Dakereon Joyner is fine as a kick returner; South Carolina will need to find a new punt returner after Shilo Sanders’ departure.
Schedule
- September 4 vs. Eastern Illinois 6:00 PM/SEC Network+
- September 11 at East Carolina 11:00 AM/ESPN2
- September 18 at Georgia 6:00 PM/ESPN
- September 25 vs. Kentucky
- October 2 vs. Troy
- October 9 at Tennessee
- October 16 vs. Vanderbilt
- October 23 at Texas A&M
- November 6 vs. Florida
- November 13 at Missouri
- November 20 vs. Auburn
- November 27 vs. Clemson
In short, this isn’t a good schedule for a rebuilding team. After opening with a layup against Eastern Illinois, we’ll get a pretty good idea of where the Gamecocks’ floor is when they travel to East Carolina in Week 2 — East Carolina’s bad, but then South Carolina probably isn’t great either. After an extremely likely loss at Georgia, South Carolina gets a four-game stretch of winnable games — but none of them are gimmes.
That will effectively determine the season, because the final five games — at Texas A&M, Florida, at Missouri, Auburn, and Clemson — are brutal. You can squint and see a pathway to 6-6; you can also easily see 2-10 if things aren’t clicking. The over/under is 3.5 wins and... I honestly am taking the under there.
Recent series vs. Vanderbilt
Since 2008, Vanderbilt is 5-7 against Tennessee, 4-8 against Kentucky, 2-9 against Georgia, 1-11 against Florida... and 0-12 against South Carolina. Vanderbilt’s 12-game losing streak has been a combination of bad luck (the Franklin years overlapped with three consecutive 11-2 Gamecock teams) and some really bad performances (Vanderbilt’s last three games against South Carolina have been decided by an average of 24.7 points.)
Vanderbilt had a shot in both 2015 and 2016; the former, a week after Steve Spurrier stepped down and with South Carolina on its way to a 3-9 season, saw Johnny McCrary permanently lose the starting job with a three-interception performance in a 19-10 loss, while the latter, in the season opener, saw Vanderbilt inexplicably put in backup QB Wade Freebeck with a 10-0 first-half lead and lose on a 55-yard field goal in the final minute.
Outlook
If not for the fact that Vanderbilt hasn’t beaten South Carolina since I was a law student at Vanderbilt (and I’m 37), and that the game is in Columbia, I would unequivocally say that South Carolina is Vanderbilt’s best shot at a win this year.
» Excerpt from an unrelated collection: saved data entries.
lemma det_mat_1_add_outer: "det (mat 1 + outer u z :: real^'n^'n) = 1 + z \<bullet> u"
proof -
  let ?e = "\<lambda>i. row i (mat 1 :: real^'n^'n)"
  have rows_add: "det (\<chi> i. if i \<in> S then ?e i + u $ i *s z else ?e i) = 1 + (\<Sum>i\<in>S. u $ i * z $ i)"
    if "finite S" for S
    using that
  proof (induction S rule: finite_induct)
    case empty
    have "(\<chi> i. ?e i) = mat 1" by (simp add: vec_eq_iff row_def)
    then show ?case by simp
  next
    case (insert k S)
    let ?c = "\<lambda>i. if i \<in> S then ?e i + u $ i *s z else ?e i"
    have "(\<chi> i. if i \<in> insert k S then ?e i + u $ i *s z else ?e i)
        = (\<chi> i. if i = k then ?e i + u $ k *s z else ?c i)"
      by (auto simp: vec_eq_iff)
    moreover have "(\<chi> i. if i = k then ?e i else ?c i) = (\<chi> i. ?c i)"
      using insert by (auto simp: vec_eq_iff)
    ultimately show ?case
      using det_row_add[of k ?e "\<lambda>_. u $ k *s z" ?c] det_row_mul[of k "u $ k" "\<lambda>_. z" ?c]
        det_mat_1_rows_add_multiple[OF insert(1,2)] insert
      by (simp add: algebra_simps)
  qed
  have "mat 1 + outer u z = (\<chi> i. if i \<in> UNIV then ?e i + u $ i *s z else ?e i)"
    by (simp add: vec_eq_iff row_def)
  then show ?thesis
    using rows_add[of UNIV] by (simp add: inner_vec_def mult.commute)
qed
(* For every positive integer $n \neq 7$, we have $N_n(\frac{1}{4}) = \lceil \frac{n}{7} \rceil$; moreover, $1 \le N_7(\frac{1}{4}) \le 2$.
   Context: For a positive integer $n$, let $\mathcal{P}_n$ denote the family of all sets of $n$ points in the Euclidean plane such that the distance between any two points of the set is at most $1$. For $0 < r \le 1$, let $N_n(r)$ be the largest integer $k$ such that for every $P \in \mathcal{P}_n$ there exists a circle of radius $r$ (i.e. a closed disc of radius $r$) which covers (contains) at least $k$ points of $P$. *)

theory Defs
  imports "HOL-Analysis.Analysis"
begin

definition point_family :: "nat \<Rightarrow> (real^2) set set" where
  "point_family n = {P. finite P \<and> card P = n \<and> (\<forall>x\<in>P. \<forall>y\<in>P. dist x y \<le> 1)}"

definition N_cover :: "nat \<Rightarrow> real \<Rightarrow> nat" where
  "N_cover n r = (GREATEST k. \<forall>P\<in>point_family n. \<exists>c. k \<le> card (P \<inter> cball c r))"

end

theory Submission
  imports Defs
begin

text \<open>
  Lower bound: for every direction a set of diameter at most 1 lies in a strip of width at
  most 1. By the intermediate value theorem there is a direction \<theta> for which the midlines
  of the strips in the directions \<theta>, \<theta> + pi/3, \<theta> + 2 pi/3 meet in one point c. The set then
  lies in a hexagon around c with opposite sides at distance at most 1, which is covered by
  the disc of radius 1/4 about c and six discs about the points c + (dir \<phi> + dir (\<phi> + pi/3))/4,
  \<phi> = \<theta> + j pi/3. By pigeonhole one of the seven discs contains ceil(n/7) of the n points.

  Upper bound: put 6m points at the angles j pi/(3m) on a circle of radius about 1/2 and m
  points on a tiny segment through the centre. A disc of radius 1/4 contains only ring points
  fewer than m steps apart, hence at most m of them; if it reaches the centre it contains at
  most one ring point; and if it contains a ring point it misses an end of the segment. So no
  disc contains more than m of the 7m points; for n \<le> 6 the six ring points with m = 1 do.
\<close>

definition dir :: "real \<Rightarrow> real^2" where
  "dir \<phi> = vector [cos \<phi>, sin \<phi>]"

lemma inner_dir: "inner p (dir \<phi>) = p$1 * cos \<phi> + p$2 * sin \<phi>"
  by (simp add: dir_def inner_vec_def sum_2)

lemma norm_vec2_sq: "(norm (x::real^2))^2 = (x$1)^2 + (x$2)^2"
  by (simp add: norm_vec_def L2_set_def sum_2)
(* Let $\mathbf{k}$ be a field and let $\mathfrak{B}=\mathbf{k}\langle g,x\rangle$ be the free algebra on $g,x$, made into a bialgebra by $\Delta(g)=g\otimes g$, $\Delta(x)=x\otimes 1+g\otimes x$, $\varepsilon(g)=1$, $\varepsilon(x)=0$. For integers $k,l\ge 0$ let $C_{k,l}$ be the sum of all monomials in $g,x$ containing exactly $k$ letters $g$ and $l$ letters $x$ (so $C_{0,0}=1$), and set $C_{k,l}=0$ if $k<0$ or $l<0$. Then for all integers $i,j\ge0$ and $n\ge1$, \[ (g^ix^j)^{[n+1]}=\sum_{\substack{k_1,\dots,k_n\ge 0\\ k_1+\cdots+k_n\le j}} g^iC_{k_1+\cdots+k_n,\,j-(k_1+\cdots+k_n)}\,g^iC_{k_1+\cdots+k_{n-1},\,k_n}\cdots g^iC_{k_1,k_2}\,g^iC_{0,k_1}. \]
   Context: For an element $h$ of a bialgebra with multiplication $m$ and comultiplication $\Delta$, the $m$-th Sweedler power is $h^{[m]}=m^{(m)}\circ\Delta^{(m)}(h)$ for $m\ge1$, where $\Delta^{(1)}=\mathrm{id}$, $\Delta^{(m)}=(\Delta^{(m-1)}\otimes\mathrm{id})\circ\Delta$ for $m\ge2$, and $m^{(m)}(h_1\otimes\cdots\otimes h_m)=h_1\cdots h_m$. *)

theory Defs
  imports "HOL-Library.Poly_Mapping"
begin

text \<open>The m-fold tensor power
  B^{(x)m} has basis the m-tuples of monomials, represented as word lists of length m.\<close>

datatype letter = G | X

type_synonym word = "letter list"
type_synonym 'k fa = "word \<Rightarrow>\<^sub>0 'k"
type_synonym 'k tens = "word list \<Rightarrow>\<^sub>0 'k"

definition fa_mult :: "'k::comm_ring_1 fa \<Rightarrow> 'k fa \<Rightarrow> 'k fa" where
  "fa_mult p q = (\<Sum>u\<in>Poly_Mapping.keys p. \<Sum>v\<in>Poly_Mapping.keys q.
      Poly_Mapping.single (u @ v) (Poly_Mapping.lookup p u * Poly_Mapping.lookup q v))"

definition fa_one :: "'k::comm_ring_1 fa" where
  "fa_one = Poly_Mapping.single [] 1"

definition fa_mono :: "word \<Rightarrow> 'k::comm_ring_1 fa" where
  "fa_mono w = Poly_Mapping.single w 1"

definition fa_gen :: "letter \<Rightarrow> 'k::comm_ring_1 fa" where
  "fa_gen a = Poly_Mapping.single [a] 1"

definition fa_pow :: "'k::comm_ring_1 fa \<Rightarrow> nat \<Rightarrow> 'k fa" where
  "fa_pow p n = (fa_mult p ^^ n) fa_one"

definition fa_prod_list :: "'k::comm_ring_1 fa list \<Rightarrow> 'k fa" where
  "fa_prod_list ps = foldr fa_mult ps fa_one"

definition tens_mult :: "'k::comm_ring_1 tens \<Rightarrow> 'k tens \<Rightarrow> 'k tens" where
  "tens_mult s t = (\<Sum>u\<in>Poly_Mapping.keys s. \<Sum>v\<in>Poly_Mapping.keys t.
      Poly_Mapping.single (map2 (@) u v) (Poly_Mapping.lookup s u * Poly_Mapping.lookup t v))"

definition tens_one :: "nat \<Rightarrow> 'k::comm_ring_1 tens" where
  "tens_one m = Poly_Mapping.single (replicate m []) 1"
lemma weight_ge_of_class_eq:
  fixes a b c s t y z C Z :: nat
  assumes "c + t*a = s*b" "b*(y + s*z) = C + t*a*Z" "z \<le> Z"
  shows "C \<le> b*y + c*z"
proof -
  have "t*a*z \<le> t*a*Z" using assms(3) by simp
  then show ?thesis using weight_add_eq[OF assms(1), of y z] assms(2) by linarith
qed

lemma weight_gt_of_class_ge:
  fixes a b c s t y z G M :: nat
  assumes "c + t*a = s*b" "M \<le> y + s*z" "s*G < M*c"
  shows "G < b*y + c*z"
proof -
  have "M*c \<le> (y + s*z)*c" using assms(2) by simp
  then have "s*G < s*(b*y + c*z)" using class_weight_le[OF assms(1), of y z] assms(3) by linarith
  then show ?thesis by simp
qed

lemma le_of_add_mult_less:
  fixes s y z M Z :: nat
  assumes "y + s*z = M" "M < (Z + 1)*s" shows "z \<le> Z"
proof -
  have "s*z < s*(Z + 1)" using assms by (simp add: algebra_simps)
  then have "z < Z + 1" using mult_less_cancel1 by blast
  then show ?thesis by simp
qed

lemma class_of_rep:
  fixes a b c s t \<rho> N x y z :: nat
  assumes "coprime a b" "c + t*a = s*b" "\<rho> < a" "(b*\<rho>) mod a = N mod a"
    and "a*x + b*y + c*z = N"
  shows "(y + s*z) mod a = \<rho>"
proof -
  have "(b*(y + s*z)) mod a = N mod a"
    using weight_mod_eq[OF assms(2)] assms(5) by (metis add.assoc mod_mult_self4)
  then have "[b*(y + s*z) = b*\<rho>] (mod a)" using assms(4) by (simp add: cong_def)
  then have "[y + s*z = \<rho>] (mod a)"
    using assms(1) by (simp add: cong_mult_lcancel_nat coprime_commute)
  then show ?thesis using assms(3) by (simp add: cong_def)
qed

lemma class_pairs_subset_reps:
  fixes a b c s t \<rho> N C :: nat
  assumes "a > 0" "c + t*a = s*b" "(b*\<rho>) mod a = N mod a" "C < N + a"
  shows "class_pairs a b c s C \<rho> \<subseteq> snd ` reps3 a b c (int N)"
proof (rule subrelI)
  fix y z assume "(y, z) \<in> class_pairs a b c s C \<rho>"
  then have cls: "(y + s*z) mod a = \<rho>" and w: "b*y + c*z < N + a"
    using assms(4) by (auto simp: class_pairs_def)
  have m: "(b*y + c*z) mod a = N mod a"
    using weight_mod_eq[OF assms(2)] assms(3) cls by (metis mod_mult_right_eq)
  have le: "b*y + c*z \<le> N"
  proof (rule ccontr)
    assume "\<not> ?thesis"
    with m have "a dvd (b*y + c*z) - N" "0 < (b*y + c*z) - N" "(b*y + c*z) - N < a"
      using w by (auto simp: mod_eq_dvd_iff_nat)
    then show False by (meson nat_dvd_not_less)
  qed
  with m have "a dvd N - (b*y + c*z)" by (metis mod_eq_dvd_iff_nat)
  then obtain x where "N - (b*y + c*z) = a*x" ..
  with le have "int (a*x + b*y + c*z) = int N" by (intro arg_cong[of _ _ int]) linarith
  then have "(x, y, z) \<in> reps3 a b c (int N)" unfolding reps3_def by (simp only: mem_Collect_eq prod.case)
  then show "(y, z) \<in> snd ` reps3 a b c (int N)" by force
qed

lemma ex_residue_mult_mod_eq:
  fixes a b N :: nat
  assumes "a > 0" "coprime a b"
  obtains \<rho> where "\<rho> < a" "(b*\<rho>) mod a = N mod a"
proof -
  obtain u where u: "[b*u = 1] (mod a)"
    using cong_solve_coprime_nat[of b a] assms(2) by (auto simp: coprime_commute)
  have "[b*((u*N) mod a) = b*(u*N)] (mod a)" by (simp add: cong_def mod_mult_right_eq)
  also have "[b*(u*N) = 1*N] (mod a)" using cong_mult[OF u cong_refl[of N]] by (simp add: mult.assoc)
  finally show ?thesis using that[of "(u*N) mod a"] assms(1) by (simp add: cong_def)
qed
(* Let $S\subset\mathbb{R}^3$ be a $C^3$ surface and let $\Gamma$ be a closed asymptotic curve of $S$ contained in the region $\{K<0\}$. Let $(x,t)\in[0,x_0)\times[0,t_0)$ be a semi-global coordinate system near $\Gamma$ (periodic in $x$ with period $x_0$) such that $\{t=0\}$ is $\Gamma$ and each curve $\{t=\mathrm{const}\}$ is a closed curve homotopic to $\Gamma$, and write the second fundamental form as $II=L\,dx^2+2M\,dx\,dt+N\,dt^2$ (so $L(x,0)=0$ and $M(x,0)\neq0$). Then $$\int_{0}^{x_{0}}M^{-1}\,\partial_{t}L(x,0)\,dx=\pm\int_{\Gamma}k_{g}k_{n}|K|^{-1/2}\,ds,$$ where the sign is fixed (determined by the sign of $M$ along $\Gamma$).
   Context: $K$ is Gaussian curvature. An asymptotic curve is a curve whose tangent direction has zero normal curvature at every point. $k_g$ is the geodesic curvature of $\Gamma$, $k_n$ is the normal curvature of $S$ in the direction tangent to $S$ and perpendicular to $\Gamma$, and $ds$ is arclength along $\Gamma$. *)

theory Defs
  imports "HOL-Analysis.Analysis"
begin

(* Coordinate domain of a semi-global coordinate system (x,t): x in R (periodic), 0 <= t < t0 *)
definition strip :: "real \<Rightarrow> (real \<times> real) set" where
  "strip t0 = UNIV \<times> {0..<t0}"

(* partial derivatives relative to a domain D (one-sided where D has a boundary) *)
definition pdx :: "(real \<times> real) set \<Rightarrow> (real \<times> real \<Rightarrow> 'a::real_normed_vector) \<Rightarrow> real \<times> real \<Rightarrow> 'a" where
  "pdx D f p = vector_derivative (\<lambda>s. f (s, snd p)) (at (fst p) within {s. (s, snd p) \<in> D})"

definition pdt :: "(real \<times> real) set \<Rightarrow> (real \<times> real \<Rightarrow> 'a::real_normed_vector) \<Rightarrow> real \<times> real \<Rightarrow> 'a" where
  "pdt D f p = vector_derivative (\<lambda>s. f (fst p, s)) (at (snd p) within {s. (fst p, s) \<in> D})"

fun Ck_on :: "nat \<Rightarrow> (real \<times> real) set \<Rightarrow> (real \<times> real \<Rightarrow> 'a::real_normed_vector) \<Rightarrow> bool" where
  "Ck_on 0 D f = continuous_on D f"
| "Ck_on (Suc k) D f =
     (continuous_on D f \<and>
      (\<forall>p\<in>D. ((\<lambda>s. f (s, snd p)) has_vector_derivative pdx D f p) (at (fst p) within {s. (s, snd p) \<in> D})
            \<and> ((\<lambda>s. f (fst p, s)) has_vector_derivative pdt D f p) (at (snd p) within {s. (fst p, s) \<in> D}))
      \<and> Ck_on k D (pdx D f) \<and> Ck_on k D (pdt D f))"

definition unit_normal :: "(real \<times> real) set \<Rightarrow> (real \<times> real \<Rightarrow> real^3) \<Rightarrow> real \<times> real \<Rightarrow> real^3" where
  "unit_normal D X p = (1 / norm (cross3 (pdx D X p) (pdt D X p))) *\<^sub>R cross3 (pdx D X p) (pdt D X p)"

definition fff_E where "fff_E D X p = pdx D X p \<bullet> pdx D X p"
definition fff_F where "fff_F D X p = pdx D X p \<bullet> pdt D X p"
definition fff_G where "fff_G D X p = pdt D X p \<bullet> pdt D X p"

definition sff_L :: "(real \<times> real) set \<Rightarrow> (real \<times> real \<Rightarrow> real^3) \<Rightarrow> real \<times> real \<Rightarrow> real" where
  "sff_L D X p = pdx D (pdx D X) p \<bullet> unit_normal D X p"
definition sff_M :: "(real \<times> real) set \<Rightarrow> (real \<times> real \<Rightarrow> real^3) \<Rightarrow> real \<times> real \<Rightarrow> real" where
  "sff_M D X p = pdt D (pdx D X) p \<bullet> unit_normal D X p"
definition sff_N :: "(real \<times> real) set \<Rightarrow> (real \<times> real \<Rightarrow> real^3) \<Rightarrow> real \<times> real \<Rightarrow> real" where
  "sff_N D X p = pdt D (pdt D X) p \<bullet> unit_normal D X p"

(* II evaluated on the tangent vector a X_x + b X_t *)
definition sff_form :: "(real \<times> real) set \<Rightarrow> (real \<times> real \<Rightarrow> real^3) \<Rightarrow> real \<times> real \<Rightarrow> real \<Rightarrow> real \<Rightarrow> real" where
  "sff_form D X p a b = sff_L D X p * a\<^sup>2 + 2 * sff_M D X p * a * b + sff_N D X p * b\<^sup>2"

definition normal_curv :: "(real \<times> real) set \<Rightarrow> (real \<times> real \<Rightarrow> real^3) \<Rightarrow> real \<times> real \<Rightarrow> real \<Rightarrow> real \<Rightarrow> real" where
  "normal_curv D X p a b = sff_form D X p a b / (norm (a *\<^sub>R pdx D X p + b *\<^sub>R pdt D X p))\<^sup>2"

definition gauss_curv :: "(real \<times> real) set \<Rightarrow> (real \<times> real \<Rightarrow> real^3) \<Rightarrow> real \<times> real \<Rightarrow> real" where
  "gauss_curv D X p = (sff_L D X p * sff_N D X p - (sff_M D X p)\<^sup>2) /
                      (fff_E D X p * fff_G D X p - (fff_F D X p)\<^sup>2)"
Because if you haven’t caught on to the tone of this post, I think South Carolina is going to be bad in 2021. The offense may or may not be able to throw the ball (though the run game admittedly should be fine), and the Gamecocks also have to replace a lot of pieces off a pretty bad defense — and those were actually some of the better pieces on the defensive side of the ball. And I frankly hate the Beamer hire: back in December, I did a rundown on the backgrounds of SEC head coaching hires over the last couple of decades. Among the things we learned from that: only three coaches have been hired to coach an SEC school with no experience as either an FBS head coach or a coordinator, and those were Hal Mumme (who’d at least been a head coach at lower levels), Ed Orgeron (for his disastrous Ole Miss tenure), and Robbie Caldwell (turkey inseminator and career offensive line coach.) On paper, at least, it’s easily the worst of the four SEC head coaching hires this offseason. I’m pretty meh about Josh Heupel at Tennessee and Bryan Harsin at Auburn, but it’s easy to see how those hires could work out and... I just don’t see it here. “But Dabo!” Yes, and name the other example of a career position coach working out as a head coach — I guess you could argue Ed Orgeron at LSU, in 2019 at least, but that one’s not looking so hot in 2021.
Then again, given the roster situation, South Carolina was probably going to struggle either way in 2021. I like some of the pieces here, particularly on the defensive line, but if we assume Vanderbilt is a clear pick for seventh in the SEC East, South Carolina is an equally clear pick for sixth. If I’m not being a homer, I think they’re probably better than us — but they’re also clearly worse than the triumvirate of Missouri, Kentucky, and Tennessee.